* _EXERCISE_
Only one stretch of the data below is wanted: the lines starting at the one with "then show ?case by (simp add: nc_mult_Nil)" and ending at the one with "delta p w +", both included, given again exactly.
START RECORDS TO PROCESS
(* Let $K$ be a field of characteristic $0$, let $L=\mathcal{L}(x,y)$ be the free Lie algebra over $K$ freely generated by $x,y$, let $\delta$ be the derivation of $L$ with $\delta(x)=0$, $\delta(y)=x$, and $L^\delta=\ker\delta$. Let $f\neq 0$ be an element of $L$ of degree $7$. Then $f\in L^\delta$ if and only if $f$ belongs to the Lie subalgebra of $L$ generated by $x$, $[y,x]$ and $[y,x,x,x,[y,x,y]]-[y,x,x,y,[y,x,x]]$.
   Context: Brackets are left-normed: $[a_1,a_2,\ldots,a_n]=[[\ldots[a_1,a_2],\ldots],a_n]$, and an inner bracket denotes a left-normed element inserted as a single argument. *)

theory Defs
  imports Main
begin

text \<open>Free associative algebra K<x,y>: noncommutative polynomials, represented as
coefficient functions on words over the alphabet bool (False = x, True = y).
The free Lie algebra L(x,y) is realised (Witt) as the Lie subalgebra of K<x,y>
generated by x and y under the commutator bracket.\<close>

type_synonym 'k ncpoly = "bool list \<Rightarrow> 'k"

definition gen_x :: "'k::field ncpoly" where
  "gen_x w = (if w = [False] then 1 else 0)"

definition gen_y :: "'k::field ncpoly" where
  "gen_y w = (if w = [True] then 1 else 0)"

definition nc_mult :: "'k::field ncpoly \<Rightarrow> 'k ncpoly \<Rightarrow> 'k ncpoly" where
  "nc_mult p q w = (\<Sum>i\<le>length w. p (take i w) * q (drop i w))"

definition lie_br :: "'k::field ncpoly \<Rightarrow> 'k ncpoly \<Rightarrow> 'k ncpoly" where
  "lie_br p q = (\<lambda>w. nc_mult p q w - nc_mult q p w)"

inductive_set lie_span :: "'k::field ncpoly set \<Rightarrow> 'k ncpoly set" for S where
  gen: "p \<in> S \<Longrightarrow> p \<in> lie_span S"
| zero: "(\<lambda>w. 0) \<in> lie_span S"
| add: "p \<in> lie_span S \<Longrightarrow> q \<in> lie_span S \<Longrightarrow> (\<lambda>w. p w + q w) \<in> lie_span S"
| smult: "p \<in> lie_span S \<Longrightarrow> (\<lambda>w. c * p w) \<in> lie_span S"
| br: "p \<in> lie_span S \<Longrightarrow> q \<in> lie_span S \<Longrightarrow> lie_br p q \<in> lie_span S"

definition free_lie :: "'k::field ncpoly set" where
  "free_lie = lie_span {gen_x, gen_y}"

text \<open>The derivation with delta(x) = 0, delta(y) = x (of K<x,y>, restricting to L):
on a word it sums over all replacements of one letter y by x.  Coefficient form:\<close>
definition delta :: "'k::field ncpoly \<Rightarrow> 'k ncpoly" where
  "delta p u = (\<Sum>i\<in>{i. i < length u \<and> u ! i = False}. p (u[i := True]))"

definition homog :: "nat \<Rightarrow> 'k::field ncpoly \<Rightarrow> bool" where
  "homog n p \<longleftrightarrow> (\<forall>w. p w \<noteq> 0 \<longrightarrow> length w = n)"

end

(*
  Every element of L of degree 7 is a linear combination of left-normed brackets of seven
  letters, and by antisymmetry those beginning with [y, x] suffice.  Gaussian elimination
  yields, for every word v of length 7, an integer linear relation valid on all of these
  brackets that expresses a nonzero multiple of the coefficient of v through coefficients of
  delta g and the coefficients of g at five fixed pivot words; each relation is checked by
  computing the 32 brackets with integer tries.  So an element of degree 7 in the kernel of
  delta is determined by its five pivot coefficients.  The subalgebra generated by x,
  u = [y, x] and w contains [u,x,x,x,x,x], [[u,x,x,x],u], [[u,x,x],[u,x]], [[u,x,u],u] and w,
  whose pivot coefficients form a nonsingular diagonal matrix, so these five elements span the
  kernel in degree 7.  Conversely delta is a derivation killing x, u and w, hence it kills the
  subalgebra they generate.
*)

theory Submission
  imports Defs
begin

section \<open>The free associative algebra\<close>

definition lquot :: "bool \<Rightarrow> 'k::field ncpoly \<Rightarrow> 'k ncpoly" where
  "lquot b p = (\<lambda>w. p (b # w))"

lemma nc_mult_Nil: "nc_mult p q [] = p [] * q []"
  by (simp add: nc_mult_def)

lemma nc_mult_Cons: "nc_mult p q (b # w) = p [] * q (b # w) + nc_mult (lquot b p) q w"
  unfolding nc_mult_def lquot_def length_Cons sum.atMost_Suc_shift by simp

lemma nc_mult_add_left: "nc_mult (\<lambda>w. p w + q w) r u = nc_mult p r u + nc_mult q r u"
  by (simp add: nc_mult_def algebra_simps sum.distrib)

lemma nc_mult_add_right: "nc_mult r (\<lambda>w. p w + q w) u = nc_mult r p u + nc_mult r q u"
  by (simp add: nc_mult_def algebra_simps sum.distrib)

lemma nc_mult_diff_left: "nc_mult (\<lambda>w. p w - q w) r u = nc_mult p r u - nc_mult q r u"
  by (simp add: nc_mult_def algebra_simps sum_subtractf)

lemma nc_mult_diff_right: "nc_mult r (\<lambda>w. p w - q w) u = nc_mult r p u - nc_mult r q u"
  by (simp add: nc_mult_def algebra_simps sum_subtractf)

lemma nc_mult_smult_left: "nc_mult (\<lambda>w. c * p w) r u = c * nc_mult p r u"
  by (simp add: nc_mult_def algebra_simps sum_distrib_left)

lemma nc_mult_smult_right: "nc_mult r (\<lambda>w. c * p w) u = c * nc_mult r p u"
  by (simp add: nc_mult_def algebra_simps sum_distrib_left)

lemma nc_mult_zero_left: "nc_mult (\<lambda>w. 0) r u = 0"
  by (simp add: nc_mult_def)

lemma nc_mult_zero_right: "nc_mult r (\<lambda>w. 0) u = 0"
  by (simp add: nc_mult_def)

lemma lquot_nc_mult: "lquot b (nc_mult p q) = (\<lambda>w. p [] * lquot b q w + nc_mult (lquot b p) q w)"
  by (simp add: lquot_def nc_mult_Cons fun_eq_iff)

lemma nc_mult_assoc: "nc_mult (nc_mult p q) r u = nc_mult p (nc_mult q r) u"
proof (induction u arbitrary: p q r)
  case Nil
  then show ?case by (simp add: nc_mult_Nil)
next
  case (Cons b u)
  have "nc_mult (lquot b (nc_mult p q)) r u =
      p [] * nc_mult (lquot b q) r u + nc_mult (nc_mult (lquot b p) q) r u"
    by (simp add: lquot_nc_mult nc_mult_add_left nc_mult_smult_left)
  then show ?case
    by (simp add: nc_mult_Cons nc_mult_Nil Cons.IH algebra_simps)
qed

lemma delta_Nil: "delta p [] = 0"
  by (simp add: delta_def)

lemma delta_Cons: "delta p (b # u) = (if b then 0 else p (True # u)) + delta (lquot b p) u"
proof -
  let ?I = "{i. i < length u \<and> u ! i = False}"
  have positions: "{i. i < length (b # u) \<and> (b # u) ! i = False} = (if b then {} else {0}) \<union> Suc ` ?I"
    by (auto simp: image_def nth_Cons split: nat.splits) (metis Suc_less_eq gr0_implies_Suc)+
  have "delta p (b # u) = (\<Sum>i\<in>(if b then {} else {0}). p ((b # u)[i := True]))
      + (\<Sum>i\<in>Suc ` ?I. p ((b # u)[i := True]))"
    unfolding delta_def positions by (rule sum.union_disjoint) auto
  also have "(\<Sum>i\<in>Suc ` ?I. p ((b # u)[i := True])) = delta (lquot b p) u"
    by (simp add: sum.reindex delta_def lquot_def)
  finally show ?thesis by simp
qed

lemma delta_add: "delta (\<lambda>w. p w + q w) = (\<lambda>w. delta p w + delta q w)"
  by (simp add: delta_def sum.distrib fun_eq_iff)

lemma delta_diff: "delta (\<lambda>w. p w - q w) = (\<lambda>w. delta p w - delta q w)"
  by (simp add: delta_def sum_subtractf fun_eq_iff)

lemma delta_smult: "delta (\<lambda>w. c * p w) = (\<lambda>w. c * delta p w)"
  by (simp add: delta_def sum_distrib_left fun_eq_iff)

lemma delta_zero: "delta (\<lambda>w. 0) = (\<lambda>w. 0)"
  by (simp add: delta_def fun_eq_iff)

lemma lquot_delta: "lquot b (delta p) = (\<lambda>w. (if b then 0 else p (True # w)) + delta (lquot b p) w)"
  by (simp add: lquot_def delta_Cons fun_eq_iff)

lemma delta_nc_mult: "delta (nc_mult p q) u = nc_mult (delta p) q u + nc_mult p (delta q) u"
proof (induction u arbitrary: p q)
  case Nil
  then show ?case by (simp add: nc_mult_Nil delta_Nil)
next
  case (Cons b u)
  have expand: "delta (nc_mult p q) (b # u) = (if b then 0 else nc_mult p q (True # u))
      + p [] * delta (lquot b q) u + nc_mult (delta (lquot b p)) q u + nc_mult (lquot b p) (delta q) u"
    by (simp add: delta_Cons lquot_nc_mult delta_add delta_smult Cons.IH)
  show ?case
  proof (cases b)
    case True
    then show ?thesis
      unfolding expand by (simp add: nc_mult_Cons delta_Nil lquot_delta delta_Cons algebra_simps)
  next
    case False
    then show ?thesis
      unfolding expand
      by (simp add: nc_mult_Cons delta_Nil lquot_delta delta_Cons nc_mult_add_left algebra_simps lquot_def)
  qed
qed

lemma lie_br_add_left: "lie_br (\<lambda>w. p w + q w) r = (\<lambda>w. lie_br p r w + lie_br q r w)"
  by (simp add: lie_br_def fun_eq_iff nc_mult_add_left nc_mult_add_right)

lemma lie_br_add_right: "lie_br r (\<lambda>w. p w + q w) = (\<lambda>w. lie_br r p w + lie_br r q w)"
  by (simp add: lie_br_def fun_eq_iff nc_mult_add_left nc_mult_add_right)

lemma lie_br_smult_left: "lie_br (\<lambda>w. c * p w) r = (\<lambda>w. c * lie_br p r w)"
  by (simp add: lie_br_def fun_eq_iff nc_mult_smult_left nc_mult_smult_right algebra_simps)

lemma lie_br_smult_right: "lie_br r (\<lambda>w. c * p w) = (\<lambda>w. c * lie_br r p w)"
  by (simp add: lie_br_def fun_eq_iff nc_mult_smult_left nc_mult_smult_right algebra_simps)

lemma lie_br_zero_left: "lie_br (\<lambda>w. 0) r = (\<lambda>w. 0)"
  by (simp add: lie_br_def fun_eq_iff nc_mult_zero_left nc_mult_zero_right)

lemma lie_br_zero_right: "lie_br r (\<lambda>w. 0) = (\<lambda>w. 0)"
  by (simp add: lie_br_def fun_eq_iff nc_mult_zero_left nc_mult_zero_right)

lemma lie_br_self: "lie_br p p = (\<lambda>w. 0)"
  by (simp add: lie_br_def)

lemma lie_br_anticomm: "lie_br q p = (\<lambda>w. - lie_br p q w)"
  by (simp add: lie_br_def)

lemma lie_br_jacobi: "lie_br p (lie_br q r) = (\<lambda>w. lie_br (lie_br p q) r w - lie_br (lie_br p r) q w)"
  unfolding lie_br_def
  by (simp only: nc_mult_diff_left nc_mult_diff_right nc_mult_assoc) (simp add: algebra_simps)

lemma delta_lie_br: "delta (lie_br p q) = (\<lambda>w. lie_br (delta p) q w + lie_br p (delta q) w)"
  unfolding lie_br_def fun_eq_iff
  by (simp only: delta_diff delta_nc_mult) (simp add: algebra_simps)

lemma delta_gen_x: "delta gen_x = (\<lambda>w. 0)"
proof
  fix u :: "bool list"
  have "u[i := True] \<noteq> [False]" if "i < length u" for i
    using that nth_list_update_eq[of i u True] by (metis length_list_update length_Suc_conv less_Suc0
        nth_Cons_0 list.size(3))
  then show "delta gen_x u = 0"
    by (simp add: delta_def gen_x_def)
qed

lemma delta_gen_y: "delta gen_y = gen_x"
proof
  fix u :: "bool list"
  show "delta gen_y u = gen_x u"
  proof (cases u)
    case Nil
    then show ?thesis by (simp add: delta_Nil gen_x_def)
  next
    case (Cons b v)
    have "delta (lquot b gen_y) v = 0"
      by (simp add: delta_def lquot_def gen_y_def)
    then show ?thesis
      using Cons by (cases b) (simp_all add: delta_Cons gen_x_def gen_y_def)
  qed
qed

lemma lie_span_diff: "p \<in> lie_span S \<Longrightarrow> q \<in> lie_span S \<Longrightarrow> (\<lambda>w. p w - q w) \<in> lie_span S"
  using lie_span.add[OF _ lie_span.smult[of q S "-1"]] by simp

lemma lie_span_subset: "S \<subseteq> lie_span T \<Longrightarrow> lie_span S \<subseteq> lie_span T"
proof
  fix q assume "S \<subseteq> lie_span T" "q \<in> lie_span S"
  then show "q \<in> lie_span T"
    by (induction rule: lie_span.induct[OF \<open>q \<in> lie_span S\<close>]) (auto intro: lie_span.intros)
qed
END RECORDS TO PROCESS
START RECORDS TO PROCESS
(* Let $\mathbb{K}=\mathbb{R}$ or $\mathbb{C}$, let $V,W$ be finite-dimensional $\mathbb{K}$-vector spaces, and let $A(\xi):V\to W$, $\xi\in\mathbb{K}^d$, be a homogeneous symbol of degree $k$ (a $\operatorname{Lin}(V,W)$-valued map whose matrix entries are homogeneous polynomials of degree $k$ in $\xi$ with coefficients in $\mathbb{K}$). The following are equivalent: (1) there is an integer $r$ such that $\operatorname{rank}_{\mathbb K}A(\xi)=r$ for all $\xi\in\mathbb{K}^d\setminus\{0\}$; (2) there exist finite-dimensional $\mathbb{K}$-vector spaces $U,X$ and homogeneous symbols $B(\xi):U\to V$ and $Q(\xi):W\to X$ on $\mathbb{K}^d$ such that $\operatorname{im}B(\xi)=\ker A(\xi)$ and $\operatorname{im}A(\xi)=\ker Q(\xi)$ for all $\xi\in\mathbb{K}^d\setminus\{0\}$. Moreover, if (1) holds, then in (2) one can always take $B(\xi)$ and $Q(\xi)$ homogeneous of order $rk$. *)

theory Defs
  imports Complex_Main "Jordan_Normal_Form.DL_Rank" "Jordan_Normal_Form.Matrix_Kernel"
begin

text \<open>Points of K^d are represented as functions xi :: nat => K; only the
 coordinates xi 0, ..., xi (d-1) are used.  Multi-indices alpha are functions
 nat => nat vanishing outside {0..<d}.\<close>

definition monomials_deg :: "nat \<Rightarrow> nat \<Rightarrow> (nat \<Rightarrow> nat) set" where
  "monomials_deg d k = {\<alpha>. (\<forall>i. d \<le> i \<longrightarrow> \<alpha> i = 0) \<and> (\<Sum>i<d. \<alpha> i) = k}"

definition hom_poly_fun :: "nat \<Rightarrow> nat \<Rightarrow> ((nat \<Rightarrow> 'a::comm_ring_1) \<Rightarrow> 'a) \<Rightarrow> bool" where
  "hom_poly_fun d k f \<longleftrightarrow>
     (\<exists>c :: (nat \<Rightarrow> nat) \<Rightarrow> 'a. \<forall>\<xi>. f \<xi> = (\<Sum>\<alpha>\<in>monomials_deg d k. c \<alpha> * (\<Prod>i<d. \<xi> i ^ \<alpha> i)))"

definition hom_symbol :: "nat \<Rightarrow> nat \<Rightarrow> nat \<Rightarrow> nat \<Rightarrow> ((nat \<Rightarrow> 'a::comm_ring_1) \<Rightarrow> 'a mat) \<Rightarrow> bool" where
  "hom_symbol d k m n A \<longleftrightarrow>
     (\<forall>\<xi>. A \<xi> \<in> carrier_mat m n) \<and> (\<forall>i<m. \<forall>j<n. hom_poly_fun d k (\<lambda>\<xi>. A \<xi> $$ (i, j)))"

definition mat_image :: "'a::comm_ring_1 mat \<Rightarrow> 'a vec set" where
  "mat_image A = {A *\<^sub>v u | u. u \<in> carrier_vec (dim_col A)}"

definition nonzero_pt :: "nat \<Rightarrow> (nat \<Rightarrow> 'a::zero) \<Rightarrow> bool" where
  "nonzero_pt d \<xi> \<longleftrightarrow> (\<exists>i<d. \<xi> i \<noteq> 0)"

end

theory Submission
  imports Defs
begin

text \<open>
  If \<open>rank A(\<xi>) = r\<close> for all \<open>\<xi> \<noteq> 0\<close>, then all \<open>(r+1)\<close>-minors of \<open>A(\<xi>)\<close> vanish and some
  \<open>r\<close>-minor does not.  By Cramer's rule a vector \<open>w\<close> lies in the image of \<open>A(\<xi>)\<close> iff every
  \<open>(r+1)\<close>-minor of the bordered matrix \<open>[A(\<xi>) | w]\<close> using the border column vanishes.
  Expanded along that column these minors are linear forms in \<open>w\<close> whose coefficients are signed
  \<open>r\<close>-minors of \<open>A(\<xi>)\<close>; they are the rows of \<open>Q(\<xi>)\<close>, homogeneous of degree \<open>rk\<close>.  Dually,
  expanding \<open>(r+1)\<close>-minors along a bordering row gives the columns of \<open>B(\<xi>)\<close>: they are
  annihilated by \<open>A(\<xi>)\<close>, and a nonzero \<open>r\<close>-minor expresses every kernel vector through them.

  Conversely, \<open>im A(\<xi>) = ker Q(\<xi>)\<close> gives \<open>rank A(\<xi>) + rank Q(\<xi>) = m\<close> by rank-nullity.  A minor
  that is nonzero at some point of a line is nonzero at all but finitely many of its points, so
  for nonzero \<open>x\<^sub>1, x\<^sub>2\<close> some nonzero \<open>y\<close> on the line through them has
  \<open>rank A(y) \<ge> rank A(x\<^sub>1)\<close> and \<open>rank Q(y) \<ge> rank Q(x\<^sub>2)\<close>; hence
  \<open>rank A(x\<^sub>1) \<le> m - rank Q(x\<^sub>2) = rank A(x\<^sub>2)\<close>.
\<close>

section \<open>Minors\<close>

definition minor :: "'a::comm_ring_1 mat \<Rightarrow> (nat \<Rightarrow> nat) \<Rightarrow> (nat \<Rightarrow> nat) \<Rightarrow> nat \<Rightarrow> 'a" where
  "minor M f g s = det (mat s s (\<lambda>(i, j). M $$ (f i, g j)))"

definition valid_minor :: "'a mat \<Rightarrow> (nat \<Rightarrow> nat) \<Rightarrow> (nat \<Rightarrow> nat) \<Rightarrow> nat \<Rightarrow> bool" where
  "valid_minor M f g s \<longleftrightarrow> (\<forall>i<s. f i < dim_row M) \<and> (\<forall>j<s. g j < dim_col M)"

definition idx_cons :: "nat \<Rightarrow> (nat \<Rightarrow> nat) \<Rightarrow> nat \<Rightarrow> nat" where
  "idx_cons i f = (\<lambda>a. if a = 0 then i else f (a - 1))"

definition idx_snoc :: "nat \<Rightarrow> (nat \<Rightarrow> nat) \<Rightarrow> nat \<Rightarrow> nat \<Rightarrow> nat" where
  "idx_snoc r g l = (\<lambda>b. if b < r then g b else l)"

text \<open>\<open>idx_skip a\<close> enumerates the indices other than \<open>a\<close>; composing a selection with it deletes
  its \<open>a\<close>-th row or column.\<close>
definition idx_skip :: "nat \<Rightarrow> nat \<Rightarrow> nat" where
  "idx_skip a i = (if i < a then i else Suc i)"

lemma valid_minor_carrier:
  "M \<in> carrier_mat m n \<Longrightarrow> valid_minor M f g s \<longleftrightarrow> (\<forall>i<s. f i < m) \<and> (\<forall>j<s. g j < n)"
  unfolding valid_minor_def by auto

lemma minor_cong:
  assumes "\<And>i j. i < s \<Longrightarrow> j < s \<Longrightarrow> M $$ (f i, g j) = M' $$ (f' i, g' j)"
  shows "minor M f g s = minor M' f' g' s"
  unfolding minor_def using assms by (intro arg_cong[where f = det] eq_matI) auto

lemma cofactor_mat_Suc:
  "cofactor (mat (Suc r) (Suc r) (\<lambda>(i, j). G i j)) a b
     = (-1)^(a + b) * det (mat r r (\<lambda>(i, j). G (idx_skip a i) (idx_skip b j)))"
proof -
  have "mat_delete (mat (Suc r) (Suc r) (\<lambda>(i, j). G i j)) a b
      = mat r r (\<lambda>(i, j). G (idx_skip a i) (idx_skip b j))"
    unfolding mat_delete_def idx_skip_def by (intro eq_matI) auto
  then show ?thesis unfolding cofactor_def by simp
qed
END RECORDS TO PROCESS
* _RESULT OF THIS TASK_
  then show ?case by (simp add: nc_mult_Nil)
next
  case (Cons b u)
  have "nc_mult (lquot b (nc_mult p q)) r u =
      p [] * nc_mult (lquot b q) r u + nc_mult (nc_mult (lquot b p) q) r u"
    by (simp add: lquot_nc_mult nc_mult_add_left nc_mult_smult_left)
  then show ?case
    by (simp add: nc_mult_Cons nc_mult_Nil Cons.IH algebra_simps)
qed

lemma delta_Nil: "delta p [] = 0"
  by (simp add: delta_def)

lemma delta_Cons: "delta p (b # u) = (if b then 0 else p (True # u)) + delta (lquot b p) u"
proof -
  let ?I = "{i. i < length u \<and> u ! i = False}"
  have positions: "{i. i < length (b # u) \<and> (b # u) ! i = False} = (if b then {} else {0}) \<union> Suc ` ?I"
    by (auto simp: image_def nth_Cons split: nat.splits) (metis Suc_less_eq gr0_implies_Suc)+
  have "delta p (b # u) = (\<Sum>i\<in>(if b then {} else {0}). p ((b # u)[i := True]))
      + (\<Sum>i\<in>Suc ` ?I. p ((b # u)[i := True]))"
    unfolding delta_def positions by (rule sum.union_disjoint) auto
  also have "(\<Sum>i\<in>Suc ` ?I. p ((b # u)[i := True])) = delta (lquot b p) u"
    by (simp add: sum.reindex delta_def lquot_def)
  finally show ?thesis by simp
qed

lemma delta_add: "delta (\<lambda>w. p w + q w) = (\<lambda>w. delta p w + delta q w)"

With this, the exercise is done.